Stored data
:::::
lemma derived_line_if_dim_one:
  assumes fd: "fin_dim A (carrier A)"
    and dim: "dim A (derived A \<inter> even A) + dim A (derived A \<inter> odd A) = 1"
  shows "\<exists>z. derived_line A z"
proof -
  obtain z where z: "z \<in> derived A" "z \<noteq> zero A"
    and line: "\<And>p. p \<in> {0,1} \<Longrightarrow> derived A \<inter> hom A p \<subseteq> range (\<lambda>c. smult A c z)"
    using derived_graded_parts_in_line[OF fd dim] by blast
  have zc: "z \<in> carrier A" using z derived_subset_carrier by blast
  have hom_line: "\<exists>c. br A x y = smult A c z"
    if "p \<in> {0,1}" "q \<in> {0,1}" "x \<in> hom A p" "y \<in> hom A q" for p q x y
  proof -
    have pq: "(p + q) mod 2 \<in> {0,1}" by auto
    have "br A x y \<in> derived A \<inter> hom A ((p + q) mod 2)"
      using br_hom[OF that] br_in_derived[OF hom_in_carrier[OF that(1,3)] hom_in_carrier[OF that(2,4)]]
      by blast
    then have "br A x y \<in> range (\<lambda>c. smult A c z)" by (rule subsetD[OF line[OF pq]])
    then show ?thesis by auto
  qed
  have "derived_line A z"
  proof unfold_locales
    show "z \<in> derived A" "z \<noteq> zero A" using z by auto
    show "\<exists>c. br A x y = smult A c z" if "x \<in> carrier A" "y \<in> carrier A" for x y
      using br_in_line_if_hom[OF zc hom_line that] .
  qed
  then show ?thesis ..
qed

end

context derived_line
begin

lemma z_carrier: "z \<in> carrier A"
  using z_derived derived_subset_carrier by blast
:::::
• **Exercise objective**: Read through the entries and copy every line that includes "inter".

• **Answer for the task**:
    and dim: "dim A (derived A \<inter> even A) + dim A (derived A \<inter> odd A) = 1"
    and line: "\<And>p. p \<in> {0,1} \<Longrightarrow> derived A \<inter> hom A p \<subseteq> range (\<lambda>c. smult A c z)"
    have "br A x y \<in> derived A \<inter> hom A ((p + q) mod 2)"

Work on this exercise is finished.